编译和debug工具这些少不了,肯定要有网络,想要什么直接apt-get install xxx 就OK了,方便多了!

编译kernel
下载解压缩就不说了,直接编译:
make defconfig
make menuconfig  --> 进去设置一些debug选项,这里不说了!
make -j 8 bzImage  --> 开始编译,等待漫长...
make modules_install INSTALL_MOD_PATH=../fs  --> 编译安装kernel模块,可以不用。

这样kernel就编译完成了,这样就有了linux-3.2.59/arch/x86/boot/bzImage(用于qemu启动)和linux-3.2.59/vmlinux(用于gdb attach)文件。
去优化问题,kernel很多源码去优化是编译不过的,如果我们对某个文件感兴趣可以通过如下方式:
init/main.c  --> 在init/Makefile添加: CFLAGS_main.o = -O0
net/socket.c  --> 在net/Makefile添加: CFLAGS_socket.o = -O0

upgrade root fs 和install packet
mount -o loop ./Debian-Wheezy-x86-root_fs fs/  --> mount root fs 到fs目录,这样直接对fs访问来修改root fs。
chroot ./fs  --> 加载root fs
mount -t proc /proc /proc  --> 对新的root fs手动加载proc

现在用新的root fs还不能访问网络,需要修改nameserver,/etc/resolv.conf 这个改成之前root fs的内容就能联网了。
如果root fs有密码,并且不知道,这个可以用passwd -d来删除或者重新设置。

apt-get upgrade --> 这个不是必要,我只是为了防止安装软件包出现不必要的错误。
apt-get install gcc g++ make gdb openssh-server -y  -->这个只是安装一些觉得可能用的软件包!

总之觉得chroot确实是一个很强大的东西,这个能构建一个新的linux release。

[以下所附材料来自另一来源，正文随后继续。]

lemma Cn_compose: "Cn n f \<Longrightarrow> Cn n g \<Longrightarrow> Cn n (\<lambda>x. f (g x))"
proof (induction n arbitrary: f g)
  case 0
  have "(f \<circ> g) differentiable at x" for x
    using 0 by (intro differentiable_chain_at) (simp_all add: Cn_0)
  then show ?case by (simp add: Cn_0 o_def)
next
  case (Suc n)
  have fd: "f field_differentiable at y" and gd: "g field_differentiable at y" for y
    using Suc.prems Cn_differentiable
    by (simp_all only: real_differentiable_iff_field_differentiable[symmetric])
  have "deriv (\<lambda>x. f (g x)) = (\<lambda>x. deriv f (g x) * deriv g x)"
    using deriv_chain[OF gd fd] by (simp add: o_def fun_eq_iff)
  moreover have "Cn n (deriv f)" "Cn n (deriv g)"
    using Suc.prems by (simp_all add: Cn_Suc)
  then have "Cn n (\<lambda>x. deriv f (g x) * deriv g x)"
    using Cn_mult[OF Suc.IH[OF _ Cn_Suc_imp_Cn[OF Suc.prems(2)]]] by blast
  moreover have "(\<lambda>x. f (g x)) differentiable at x" for x
    using differentiable_chain_at[OF Cn_differentiable[OF Suc.prems(2)]
        Cn_differentiable[OF Suc.prems(1)]] by (simp add: o_def)
  ultimately show ?case by (simp add: Cn_Suc)
qed

lemma Cn_inverse: "Cn n f \<Longrightarrow> (\<And>x. f x \<noteq> 0) \<Longrightarrow> Cn n (\<lambda>x. inverse (f x))"
proof (induction n arbitrary: f)
  case 0 then show ?case by (auto simp: Cn_0 intro!: derivative_intros)
next
  case (Suc n)
  have "deriv (\<lambda>x. inverse (f x)) = (\<lambda>x. (-1) * deriv f x * (inverse (f x) * inverse (f x)))"
  proof
    fix x
    have "(f has_real_derivative deriv f x) (at x)"
      using Suc.prems by (auto simp: Cn_Suc DERIV_deriv_iff_real_differentiable)
    then have "((\<lambda>x. inverse (f x)) has_real_derivative
        (-1) * deriv f x * (inverse (f x) * inverse (f x))) (at x)"
      using Suc.prems by (auto intro!: derivative_eq_intros simp: power2_eq_square)
    then show "deriv (\<lambda>x. inverse (f x)) x = (-1) * deriv f x * (inverse (f x) * inverse (f x))"
      by (rule DERIV_imp_deriv)
  qed
  moreover have "Cn n f" using Suc.prems(1) by (rule Cn_Suc_imp_Cn)
  then have "Cn n (\<lambda>x. (-1) * deriv f x * (inverse (f x) * inverse (f x)))"
    using Suc by (intro Cn_mult Cn_const Suc.IH) (auto simp: Cn_Suc)
  moreover have "(\<lambda>x. inverse (f x)) differentiable at x" for x
    using Suc.prems by (auto simp: Cn_Suc intro!: derivative_intros)
  ultimately show ?case by (simp add: Cn_Suc)
qed
lemma vwp_biorthogonality:
  fixes a :: "'a::field_char_0"
  assumes hA: "pochhammer (a / 2) N \<noteq> 0" and hB: "pochhammer (1 + a + of_nat N) N \<noteq> 0"
  shows "(\<Sum>n=0..N. vwp_weight a N n * pochhammer (- of_nat n) i * pochhammer (a + of_nat n) i
            * pochhammer (of_nat n - of_nat N) j * pochhammer (- a - of_nat N - of_nat n) j)
         = (if i + j = N then fact N * pochhammer (1 + a) N else 0)"
proof (cases "i \<le> N")
  case False
  then show ?thesis
    by (simp add: pochhammer_of_nat_eq_0_lemma)
next
  case True
  have "(\<Sum>n=0..N. vwp_weight a N n * pochhammer (- of_nat n) i * pochhammer (a + of_nat n) i
            * pochhammer (of_nat n - of_nat N) j * pochhammer (- a - of_nat N - of_nat n) j)
      = (\<Sum>n=0..N. vwp_weight a N n * pochhammer (- of_nat n) i * pochhammer (a + of_nat n) i
            * (pochhammer (of_nat n - of_nat N) j * pochhammer (- a - of_nat N - of_nat n) j))"
    by (simp only: mult.assoc)
  also have "\<dots> = vwp_shift_factor a N i * (\<Sum>m=0..N-i. vwp_weight (a + 2 * of_nat i) (N - i) m
      * (pochhammer (of_nat (i + m) - of_nat N) j * pochhammer (- a - of_nat N - of_nat (i + m)) j))"
    by (rule vwp_sum_shift[OF hA hB True])
  also have "\<dots> = vwp_shift_factor a N i * (\<Sum>m=0..N-i. vwp_weight (a + 2 * of_nat i) (N - i) m
      * pochhammer (of_nat m - of_nat (N - i)) j * pochhammer (- (a + 2 * of_nat i) - of_nat (N - i) - of_nat m) j)"
  proof -
    have "(of_nat (i + m) - of_nat N :: 'a) = of_nat m - of_nat (N - i)"
      and "- a - of_nat N - of_nat (i + m) = - (a + 2 * of_nat i) - of_nat (N - i) - of_nat m" for m
      using True by (simp_all add: of_nat_diff algebra_simps)
    then show ?thesis
      by (simp only: mult.assoc)
  qed
  also have "\<dots> = vwp_shift_factor a N i
      * (if j = N - i then fact (N - i) * pochhammer (1 + (a + 2 * of_nat i)) (N - i) else 0)"
    unfolding vwp_weight_dual_sum[OF vwp_nonvanishing_shift[OF hA hB True]] ..
  also have "\<dots> = (if i + j = N then fact N * pochhammer (1 + a) N else 0)"
  proof -
    have "vwp_shift_factor a N i * (fact (N - i) * pochhammer (1 + (a + 2 * of_nat i)) (N - i))
        = (- 1) ^ i * pochhammer (- of_nat N) i * fact (N - i) * pochhammer (1 + a) N"
      using vwp_shift_factor_mult[OF hA hB True] by (simp add: mult_ac)
    also have "\<dots> = fact N * pochhammer (1 + a) N"
      unfolding pochhammer_neg_of_nat_mult_fact[OF True] ..
    finally show ?thesis
      using True by auto
  qed
  finally show ?thesis .
qed
definition ascent_weight :: "nat \<Rightarrow> nat list \<Rightarrow> nat" where
  "ascent_weight n w = (\<Sum>i\<in>ascents n w. n - i)"

lemma finite_ascents: "finite (ascents n w)"
  by (rule finite_subset[of _ "{..<n}"]) (auto simp: ascents_def)

lemma ascents_empty_imp_rev_upt:
  assumes d: "distinct w" and s: "set w = {1..n}" and no_asc: "ascents n w = {}"
  shows "w = rev [1..<n + 1]"
proof -
  have step: "precedes w (Suc i) i" if "1 \<le> i" "i < n" for i
  proof -
    have "\<not> precedes w i (Suc i)" using no_asc that by (auto simp: ascents_def)
    moreover have "i \<in> set w" "Suc i \<in> set w" using s that by auto
    ultimately show ?thesis using precedes_total[of i w "Suc i"] by simp
  qed
  have down: "precedes w (a + Suc k) a" if "1 \<le> a" "a + Suc k \<le> n" for a k
    using that
  proof (induction k)
    case (Suc k)
    have "precedes w (a + Suc (Suc k)) (a + Suc k)" using step[of "a + Suc k"] Suc.prems by simp
    moreover have "precedes w (a + Suc k) a" using Suc by simp
    ultimately show ?case using precedes_trans[OF d] by blast
  qed (simp add: step)
  have "sorted_wrt (>) w"
    unfolding sorted_wrt_iff_precedes
  proof (intro allI impI)
    fix a b assume ab: "precedes w a b"
    have "a \<in> {1..n}" "b \<in> {1..n}" using precedes_in_set[OF ab] s by auto
    show "b < a"
    proof (rule ccontr)
      assume "\<not> b < a"
      moreover have "a \<noteq> b" using precedes_asym[OF d ab] ab by auto
      ultimately have "precedes w (a + Suc (b - a - 1)) a"
        using down[of a "b - a - 1"] \<open>a \<in> {1..n}\<close> \<open>b \<in> {1..n}\<close> by auto
      then have "precedes w b a" using \<open>\<not> b < a\<close> \<open>a \<noteq> b\<close> by (simp add: Suc_diff_Suc)
      then show False using precedes_asym[OF d ab] by simp
    qed
  qed
  then have "sorted_wrt (<) (rev w)" by (simp add: sorted_wrt_rev)
  moreover have "sorted_wrt (<) [1..<n + 1]" by (rule sorted_wrt_upt)
  moreover have "set [1..<n + 1] = set (rev w)"
    using s by (simp only: set_rev set_upt Suc_eq_plus1[symmetric] atLeastLessThanSuc_atLeastAtMost)
  ultimately have "[1..<n + 1] = rev w" by (rule strict_sorted_equal)
  then show ?thesis by simp
qed

lemma ascent_weight_move_front_less:
  assumes d: "distinct (p @ b # q)" and i: "i \<in> ascents n (p @ b # q)" and b: "b = Suc i"
  shows "ascent_weight n (b # p @ q) < ascent_weight n (p @ b # q)"
proof -
  define D where "D = ascents n (p @ b # q)"
  have iD: "i \<in> D" and i_lt: "i < n" using i by (auto simp: D_def ascents_def)
  have sub: "ascents n (b # p @ q) \<subseteq> insert b (D - {i})"
  proof
    fix k assume k: "k \<in> ascents n (b # p @ q)"
    have "b \<notin> set (p @ q)" using d by auto
    then have "k \<noteq> i" using k b by (auto simp: ascents_def dest: precedes_in_set)
    moreover have "k \<in> D" if "k \<noteq> b" "Suc k \<noteq> b"
      using k that by (auto simp: D_def ascents_def precedes_append)
    ultimately show "k \<in> insert b (D - {i})" using b by auto
  qed
  have "ascent_weight n (b # p @ q) \<le> (\<Sum>k\<in>insert b (D - {i}). n - k)"
    unfolding ascent_weight_def by (rule sum_mono2) (use sub finite_ascents D_def in auto)
  also have "\<dots> \<le> (n - b) + (\<Sum>k\<in>D - {i}. n - k)"
    using finite_ascents[of n "p @ b # q"] by (simp add: D_def sum.insert_if)
  also have "\<dots> < (n - i) + (\<Sum>k\<in>D - {i}. n - k)"
    using b i_lt by simp
  also have "\<dots> = ascent_weight n (p @ b # q)"
    unfolding ascent_weight_def D_def[symmetric]
    by (rule sum.remove[symmetric]) (simp_all add: D_def finite_ascents iD[unfolded D_def])
  finally show ?thesis .
qed

lemma top_ascent_commutes:
  assumes d: "distinct w" and s: "set w = {1..n}"
    and i: "i \<in> ascents n w" and top: "\<forall>k\<in>ascents n w. k \<le> i"
    and w: "w = p @ Suc i # q"
  shows "\<forall>c\<in>set q. c + 2 \<le> Suc i \<or> Suc i + 2 \<le> c"
proof
  fix c assume c: "c \<in> set q"
  have before: "precedes w (Suc i) c" using c w by (simp add: precedes_append)
  have "c \<noteq> Suc i" using d w c by auto
  moreover have "c \<noteq> i"
    using before i precedes_asym[OF d] by (auto simp: ascents_def)
  moreover have "c \<noteq> Suc (Suc i)"
  proof
    assume "c = Suc (Suc i)"
    moreover have "c \<in> set w" using c w by simp
    ultimately have "Suc i \<in> ascents n w" using before s by (auto simp: ascents_def)
    then show False using top by auto
  qed
  ultimately show "c + 2 \<le> Suc i \<or> Suc i + 2 \<le> c" by auto
qed

text \<open>Induction on the weight of the ascents: with \<open>i\<close> the largest ascent, the letter \<open>i + 1\<close>
  commutes with everything after it, and moving it to the front trades ascent \<open>i\<close> for at most
  the lighter ascent \<open>i + 1\<close>.\<close>

lemma balanced_2n_periodic_winch_word:
  assumes n: "1 \<le> n"
  shows "distinct w \<Longrightarrow> set w = {1..n} \<Longrightarrow> balanced_2n_periodic n (winch_word n w)"
proof (induction "ascent_weight n w" arbitrary: w rule: less_induct)
  case less
  show ?case
  proof (cases "ascents n w = {}")
    case True
    then show ?thesis
      using ascents_empty_imp_rev_upt less.prems balanced_2n_periodic_rev_upt[OF n] by simp
  next
    case False
    define i where "i = Max (ascents n w)"
    have i: "i \<in> ascents n w" "\<forall>k\<in>ascents n w. k \<le> i"
      using False finite_ascents by (simp_all add: i_def)
    then have "Suc i \<in> set w" using less.prems by (auto simp: ascents_def)
    then obtain p q where w: "w = p @ Suc i # q" by (meson split_list)
    have "balanced_2n_periodic n (winch_word n (Suc i # p @ q))"
      using less.hyps ascent_weight_move_front_less less.prems i w by fastforce
    then have "balanced_2n_periodic n (winch_word n ((p @ q) @ [Suc i]))"
      using less.prems w by (intro balanced_2n_periodic_rotate) auto
    moreover have "winch_word n w = winch_word n ((p @ q) @ [Suc i])"
      using winch_word_commute[OF top_ascent_commutes[OF less.prems i w]] w
      by (simp add: fun_eq_iff)
    ultimately show ?thesis by simp
  qed
qed

lemma balanced_2n_periodic_WZperm:
  assumes "1 \<le> n" and "\<nu> permutes {1..n}"
  shows "balanced_2n_periodic n (WZperm n \<nu>)"
proof -
  have upt: "set [1..<n + 1] = {1..n}" by auto
  have "distinct (map \<nu> [1..<n + 1])"
    using permutes_inj_on[OF assms(2)] by (simp only: distinct_map upt) simp
  moreover have "set (map \<nu> [1..<n + 1]) = {1..n}"
    using permutes_image[OF assms(2)] by (simp only: set_map upt)
  ultimately show ?thesis
    unfolding WZperm_eq_winch_word by (rule balanced_2n_periodic_winch_word[OF assms(1)])
qed

subsection \<open>Orbit averages\<close>

lemma sum_funpow_mult_period:
  fixes g :: "'a \<Rightarrow> 'b::comm_semiring_1"
  assumes "(c ^^ d) x = x"
  shows "(\<Sum>t<q * d. g ((c ^^ t) x)) = of_nat q * (\<Sum>t<d. g ((c ^^ t) x))"
proof -
  have shift: "(c ^^ (t + m * d)) x = (c ^^ t) x" for t m
    by (metis assms funpow_mod_eq mod_mult_self1 mult.commute)
  have "(\<Sum>t<q * d. g ((c ^^ t) x)) = (\<Sum>m<q. \<Sum>t\<in>{m * d..<m * d + d}. g ((c ^^ t) x))"
    by (rule sum.nat_group[symmetric])
  also have "\<dots> = (\<Sum>m<q. \<Sum>t<d. g ((c ^^ t) x))"
  proof (rule sum.cong[OF refl])
    fix m
    have "(\<Sum>t\<in>{0 + m * d..<d + m * d}. g ((c ^^ t) x)) = (\<Sum>t\<in>{0..<d}. g ((c ^^ (t + m * d)) x))"
      by (rule sum.shift_bounds_nat_ivl)
    then show "(\<Sum>t\<in>{m * d..<m * d + d}. g ((c ^^ t) x)) = (\<Sum>t<d. g ((c ^^ t) x))"
      by (simp add: add.commute atLeast0LessThan shift)
  qed
  finally show ?thesis by simp
qed

lemma orbit_avg_eq_period_avg:
  assumes period: "(c ^^ N) x = x" and N: "0 < N"
  shows "orbit_avg c f x = (\<Sum>t<N. f ((c ^^ t) x)) / real N"
proof -
  define d where "d = funpow_dist1 c x x"
  have self: "x \<in> orbit c x" using period N unfolding orbit_altdef by (auto intro!: exI[of _ N])
  have orbit: "orbit_of c x = (\<lambda>t. (c ^^ t) x) ` {..<d}"
    using orbit_conv_funpow_dist1[OF self] orbit_altdef_self_in[OF self]
    by (simp add: orbit_of_def d_def atLeast0LessThan)
  have inj: "inj_on (\<lambda>t. (c ^^ t) x) {..<d}"
    using inj_on_funpow_dist1[OF self] by (simp add: d_def atLeast0LessThan)
  have d_period: "(c ^^ d) x = x" using funpow_dist1_prop[OF self] by (simp add: d_def)
  have "N mod d = 0"
  proof (rule ccontr)
    assume "N mod d \<noteq> 0"
    moreover have "(c ^^ (N mod d)) x = x" using funpow_mod_eq[OF d_period] period by simp
    ultimately show False using funpow_dist1_least[of "N mod d" c x x] by (simp add: d_def)
  qed
  then obtain q where q: "N = q * d" by (metis mod_eq_0_iff_dvd dvd_def mult.commute)
  then have "0 < q" using N by (cases q) auto
  have "orbit_avg c f x = (\<Sum>t<d. f ((c ^^ t) x)) / real d"
    unfolding orbit_avg_def orbit using inj by (simp add: sum.reindex card_image)
  also have "\<dots> = (real q * (\<Sum>t<d. f ((c ^^ t) x))) / (real q * real d)"
    using \<open>0 < q\<close> by simp
  also have "\<dots> = (\<Sum>t<N. f ((c ^^ t) x)) / real N"
    using sum_funpow_mult_period[OF d_period, of f q] q by simp
  finally show ?thesis .
qed

lemma orbit_avg_lincomb:
  "orbit_avg c (\<lambda>y. \<Sum>j\<in>J. a j * f j y) x = (\<Sum>j\<in>J. a j * orbit_avg c (f j) x)"
  unfolding orbit_avg_def
  by (simp add: sum.swap[of _ J] sum_distrib_left sum_divide_distrib mult.assoc)

theorem mainTheorem9:
  fixes n :: nat and \<nu> :: "nat \<Rightarrow> nat"
  assumes "n \<ge> 1" and "\<nu> permutes {1..n}"
  shows "(\<forall>x\<in>S n. (WZperm n \<nu> ^^ (2 * n)) x = x)
    \<and> (\<forall>j\<in>{1..n}. homomesic_with (S n) (WZperm n \<nu>) (fj n j) (1/2))
    \<and> (\<forall>a :: nat \<Rightarrow> real. homomesic (S n) (WZperm n \<nu>) (\<lambda>x. \<Sum>j=1..n. a j * fj n j x))"
proof -
  have period: "\<forall>x\<in>S n. (WZperm n \<nu> ^^ (2 * n)) x = x"
    and sums: "\<forall>x\<in>S n. \<forall>j\<in>{1..n}. (\<Sum>t<2 * n. fj n j ((WZperm n \<nu> ^^ t) x)) = real n"
    using balanced_2n_periodic_WZperm[OF assms] by (auto simp: balanced_2n_periodic_def)
  have half: "orbit_avg (WZperm n \<nu>) (fj n j) x = 1 / 2" if "x \<in> S n" "j \<in> {1..n}" for x j
    using orbit_avg_eq_period_avg[where c = "WZperm n \<nu>" and N = "2 * n" and x = x] period sums that assms(1) by simp
  have "homomesic_with (S n) (WZperm n \<nu>) (\<lambda>x. \<Sum>j=1..n. a j * fj n j x) (\<Sum>j=1..n. a j / 2)"
    for a :: "nat \<Rightarrow> real"
    unfolding homomesic_with_def orbit_avg_lincomb using half by (auto intro!: sum.cong)
  then show ?thesis
    using period half by (auto simp: homomesic_def homomesic_with_def)
qed
end
(* Let $P$ be any prior distribution over $\mathcal F$, let $c>0$, $h\in(0,1)$ and $\delta\in(0,1)$, and set $C=\frac{2h^4c}{1+16h^2c}$. Then with probability at least $1-\delta$ over $S=(z_1,\dots,z_m)\sim\mathcal D^m$, simultaneously for all distributions $Q$ over $\mathcal F$, $$\mathcal L_{\mathcal D}(Q)\;\le\;\hat{\mathcal L}_S(Q)+\frac{c}{m}\sum_{i=1}^m\mathbb E_{f\sim Q}\big[f(z_i)-(1+h)\,\ell_Q(z_i)\big]^2+\frac{4}{Cm}\Big[3\,\mathrm{KL}(Q\|P)+\log\frac1\delta+5\Big].$$
   Context: Let $(\mathcal Z,\Sigma)$ be a measurable space and $\mathcal D$ a probability distribution on $\mathcal Z$. Let $\mathcal F$ be a class of measurable functions $f:\mathcal Z\to\{0,1\}$ (a zero–one loss class), equipped with a $\sigma$-algebra for which $(f,z)\mapsto f(z)$ is jointly measurable; "distributions over $\mathcal F$" are probability measures on this $\sigma$-algebra. A sample $S=(z_1,\dots,z_m)\sim\mathcal D^m$ consists of i.i.d. draws from $\mathcal D$. For $f\in\mathcal F$: $\mathcal L_{\mathcal D}(f)=\mathbb E_{z\sim\mathcal D}f(z)$ and $\hat{\mathcal L}_S(f)=\frac1m\sum_{i=1}^m f(z_i)$. For a distribution $Q$ over $\mathcal F$ and $z\in\mathcal Z$, write $\ell_Q(z)=\mathbb E_{f\sim Q}f(z)$; the Gibbs risk is $\mathcal L_{\mathcal D}(Q)=\mathbb E_{f\sim Q}\mathcal L_{\mathcal D}(f)$ and the Gibbs empirical risk is $\hat{\mathcal L}_S(Q)=\frac1m\sum_{i=1}^m\ell_Q(z_i)$. $\mathrm{KL}(Q\|P)$ denotes the relative entropy, equal to $+\infty$ unless $Q\ll P$. The prior $P$ is fixed independently of $S$. The quantity $\frac1m\sum_{i=1}^m\mathbb E_{f\sim Q}[f(z_i)-(1+h)\ell_Q(z_i)]^2$ is called the $h$-flatness of $Q$ with respect to $S$. *)

theory Defs
  imports "HOL-Probability.Probability"
begin

text \<open>Relative entropy KL(Q||P) with values in extended reals (natural logarithm):
  +infinity unless Q is absolutely continuous w.r.t. P and log(dQ/dP) is Q-integrable
  (for probability measures, non-integrability forces the value +infinity, because the
  negative part of g log g is bounded).\<close>
definition KL :: "'a measure \<Rightarrow> 'a measure \<Rightarrow> ereal" where
  "KL Q P = (if absolutely_continuous P Q \<and> integrable Q (entropy_density (exp 1) P Q)
             then ereal (KL_divergence (exp 1) P Q) else \<infinity>)"

definition gibbs_loss :: "('z \<Rightarrow> real) measure \<Rightarrow> 'z \<Rightarrow> real" where
  "gibbs_loss Q z = (\<integral>f. f z \<partial>Q)"

definition true_risk :: "'z measure \<Rightarrow> ('z \<Rightarrow> real) \<Rightarrow> real" where
  "true_risk D f = (\<integral>z. f z \<partial>D)"

definition gibbs_risk :: "'z measure \<Rightarrow> ('z \<Rightarrow> real) measure \<Rightarrow> real" where
  "gibbs_risk D Q = (\<integral>f. true_risk D f \<partial>Q)"

definition emp_gibbs_risk :: "('z \<Rightarrow> real) measure \<Rightarrow> nat \<Rightarrow> (nat \<Rightarrow> 'z) \<Rightarrow> real" where
  "emp_gibbs_risk Q m S = (1 / real m) * (\<Sum>i<m. gibbs_loss Q (S i))"

definition flatness :: "real \<Rightarrow> ('z \<Rightarrow> real) measure \<Rightarrow> nat \<Rightarrow> (nat \<Rightarrow> 'z) \<Rightarrow> real" where
  "flatness h Q m S = (1 / real m) *
     (\<Sum>i<m. \<integral>f. (f (S i) - (1 + h) * gibbs_loss Q (S i))\<^sup>2 \<partial>Q)"
(* Consider an assignment of weight matrices $(W^{(\nu)}\in\mathbb R^{R_\nu\times R_{Pa(\nu)}})_{\nu\in\mathcal T}$ of a hierarchical tensor factorization with mode tree $\mathcal T$ over $[N]$ and end tensor $\mathcal W_H$, and let $B:=\max_{\nu\in\mathcal T}\|W^{(\nu)}\|$. Assume that at each $\nu\in\mathrm{int}(\mathcal T)$ the local components are ordered by their norms, i.e. $\sigma_{\nu,1}\ge\cdots\ge\sigma_{\nu,R_\nu}$. Then for any $\epsilon\ge0$ and $(R'_\nu\in\mathbb N)_{\nu\in\mathrm{int}(\mathcal T)}$, if $\sum_{r=R'_\nu+1}^{R_\nu}\sigma_{\nu,r}\le\epsilon\cdot(|\mathcal T|-N)^{-1}B^{|C(\nu)|+1-|\mathcal T|}$ for all $\nu\in\mathrm{int}(\mathcal T)$, then $$\inf_{\substack{\mathcal W\in\mathbb R^{D_1\times\cdots\times D_N}:\\ \forall\nu\in\mathcal T\setminus\{[N]\}:\ \mathrm{rank}\,[\![\mathcal W;\nu]\!]\le R'_{Pa(\nu)}}}\|\mathcal W_H-\mathcal W\|\le\epsilon,$$ with the convention $R'_{[N]}$ as given for the root ($[N]\in\mathrm{int}(\mathcal T)$).
   Context: Fix $N\in\mathbb N$, $D_1,\dots,D_N\in\mathbb N$; $[K]:=\{1,\dots,K\}$. Norms are Frobenius norms, $\otimes$ the tensor product. A mode tree $\mathcal T$ over $[N]$ is a rooted tree whose nodes are labeled by subsets of $[N]$, with exactly $N$ leaves labeled $\{1\},\dots,\{N\}$, and where each interior node's label is the union of its children's labels; nodes are identified with labels, root $[N]$, $|\mathcal T|$ the number of nodes, $\mathrm{int}(\mathcal T)$ interior nodes, $Pa(\nu)$ parent, $C(\nu)$ children (fixed order). A hierarchical tensor factorization is given by $R_\nu\in\mathbb N$ ($\nu\in\mathrm{int}(\mathcal T)$), with $R_{Pa([N])}:=1$, $R_{\{n\}}:=D_n$, and weight matrices $W^{(\nu)}\in\mathbb R^{R_\nu\times R_{Pa(\nu)}}$. Intermediate tensors: $\mathcal W^{(\{n\},r)}:=W^{(\{n\})}_{:,r}$; for $\nu\in\mathrm{int}(\mathcal T)\setminus\{[N]\}$ (leaves to root), $r\in[R_{Pa(\nu)}]$: $\mathcal W^{(\nu,r)}:=\pi_\nu\big(\sum_{r'=1}^{R_\nu}W^{(\nu)}_{r',r}\bigotimes_{\nu_c\in C(\nu)}\mathcal W^{(\nu_c,r')}\big)$; end tensor $\mathcal W_H:=\pi_{[N]}\big(\sum_{r'=1}^{R_{[N]}}W^{([N])}_{r',1}\bigotimes_{\nu_c\in C([N])}\mathcal W^{(\nu_c,r')}\big)$, where $\pi_\nu$ permutes modes (ordered by children, each child's elements ascending) into ascending order of the elements of $\nu$. The norm of the $(\nu,r)$'th local component ($\nu\in\mathrm{int}(\mathcal T)$, $r\in[R_\nu]$) is $\sigma_{\nu,r}:=\|W^{(\nu)}_{r,:}\|\prod_{\nu_c\in C(\nu)}\|W^{(\nu_c)}_{:,r}\|$. The matricization $[\![\mathcal W;I]\!]$ of $\mathcal W\in\mathbb R^{D_1\times\cdots\times D_N}$ w.r.t. $I\subset[N]$ is its arrangement as a $\prod_{i\in I}D_i\times\prod_{j\notin I}D_j$ matrix whose rows are indexed by the modes in $I$ and columns by the remaining modes (with $I=\{i_1<\dots\}$, $[N]\setminus I=\{j_1<\dots\}$, entry $\mathcal W_{d_1,\dots,d_N}$ goes to row $1+\sum_l(d_{i_l}-1)\prod_{l'<l}D_{i_{l'}}$ and column $1+\sum_l(d_{j_l}-1)\prod_{l'<l}D_{j_{l'}}$). *)

theory Defs
  imports Complex_Main "Jordan_Normal_Form.DL_Rank"
begin

text \<open>A mode tree over [N], with nodes identified with their labels, is the same as a
laminar family of nonempty subsets of {1..N} containing {1..N} and all singletons.\<close>

definition mode_tree :: "nat \<Rightarrow> nat set set \<Rightarrow> bool" where
  "mode_tree N T \<longleftrightarrow>
     (\<forall>\<nu>\<in>T. \<nu> \<subseteq> {1..N} \<and> \<nu> \<noteq> {}) \<and> {1..N} \<in> T \<and> (\<forall>n\<in>{1..N}. {n} \<in> T) \<and>
     (\<forall>A\<in>T. \<forall>B\<in>T. A \<subseteq> B \<or> B \<subseteq> A \<or> A \<inter> B = {})"

definition children :: "nat set set \<Rightarrow> nat set \<Rightarrow> nat set set" where
  "children T \<nu> = {c \<in> T. c \<subset> \<nu> \<and> \<not> (\<exists>c'\<in>T. c \<subset> c' \<and> c' \<subset> \<nu>)}"

definition parent :: "nat set set \<Rightarrow> nat set \<Rightarrow> nat set" where
  "parent T \<nu> = (THE p. p \<in> T \<and> \<nu> \<in> children T p)"

definition interior :: "nat set set \<Rightarrow> nat set set" where
  "interior T = {\<nu> \<in> T. children T \<nu> \<noteq> {}}"

text \<open>Weight matrices are given as W :: nat set => nat => nat => real, with
W \<nu> i j the (i+1,j+1) entry of W^(\<nu>) (0-based indices).  The effective number of rows of W^(\<nu>) is rk, with rk {n} = D n for
leaves; its number of columns is prk (R_{Pa(\<nu>)}), with value 1 at the root.\<close>

definition rk :: "nat set set \<Rightarrow> (nat \<Rightarrow> nat) \<Rightarrow> (nat set \<Rightarrow> nat) \<Rightarrow> nat set \<Rightarrow> nat" where
  "rk T D R \<nu> = (if \<nu> \<in> interior T then R \<nu> else D (THE n. \<nu> = {n}))"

qemu running and gdb debug kernel
启动很简单,这里用qemu的stop on tcp::1234的这种gdbserver方式,cmd:
root@debian:~# qemu-system-i386 -kernel ./linux-3.2.59/arch/x86/boot/bzImage -append "console=ttyS0 rdinit=/bin/sh root=/dev/sda rw mem=256M" --boot c -nographic -hda ./Debian-Wheezy-x86-root_fs -m 256 -k en-us -S -s -net nic -net tap
QEMU 1.1.2 monitor - type ‘help‘ for more information
(qemu) QEMU 1.1.2 monitor - type ‘help‘ for more information
(qemu) 
这里可以不需要xwindow,带了参数-nographic,就要一般的远程终端下就能完成。
下一步就是启动gdb and target remote tcp::1234,cmd:
root@debian:~# gdb ./linux-3.2.59/vmlinux
GNU gdb (GDB) 7.4.1-debian
Copyright (C) 2012 Free Software Foundation, Inc.
License GPLv3+: GNU GPL version 3 or later <http://gnu.org/licenses/gpl.html>
This is free software: you are free to change and redistribute it.
There is NO WARRANTY, to the extent permitted by law.  Type "show copying"
and "show warranty" for details.
This GDB was configured as "i486-linux-gnu".
For bug reporting instructions, please see:
<http://www.gnu.org/software/gdb/bugs/>...
Reading symbols from /root/linux-3.2.59/vmlinux...done.
(gdb) target remote tcp::1234
Remote debugging using tcp::1234
0x0000fff0 in ?? ()
(gdb) b start_kernel
Breakpoint 1 at 0xc1881629: file init/main.c, line 469.
(gdb) c
Continuing.
Breakpoint 1, start_kernel () at init/main.c:469
469     {
(gdb) n
473             smp_setup_processor_id();
(gdb) l
468     asmlinkage void __init start_kernel(void)
469     {
470             char * command_line;
471             extern const struct kernel_param __start___param[], __stop___param[];
472
473             smp_setup_processor_id();
474
475             /*
476              * Need to run as early as possible, to initialize the
477              * lockdep hash:
(gdb) 
(gdb) c
Continuing.
看上面的gdb确实可以debug linux kernel,我们先跳过启动。我们来看qemu的启动日志,这里只有贴最后一点:
[....] Cleaning up temporary files.... ok
INIT: Entering runlevel: 2
[info] Using makefile-style concurrent boot in runlevel 2.
[....] Starting enhanced syslogd: rsyslogd. ok
[....] Starting periodic command scheduler: cron. ok
[....] Starting OpenBSD Secure Shell server: sshd. ok

Debian GNU/Linux 7 changeme ttyS0

changeme login: root
Password:
Last login: Mon May 26 15:44:04 UTC 2014 on ttyS0
Linux changeme 3.2.59 #2 SMP Mon May 26 09:40:43 EDT 2014 i686

The programs included with the Debian GNU/Linux system are free software;
the exact distribution terms for each program are described in the
individual files in /usr/share/doc/*/copyright.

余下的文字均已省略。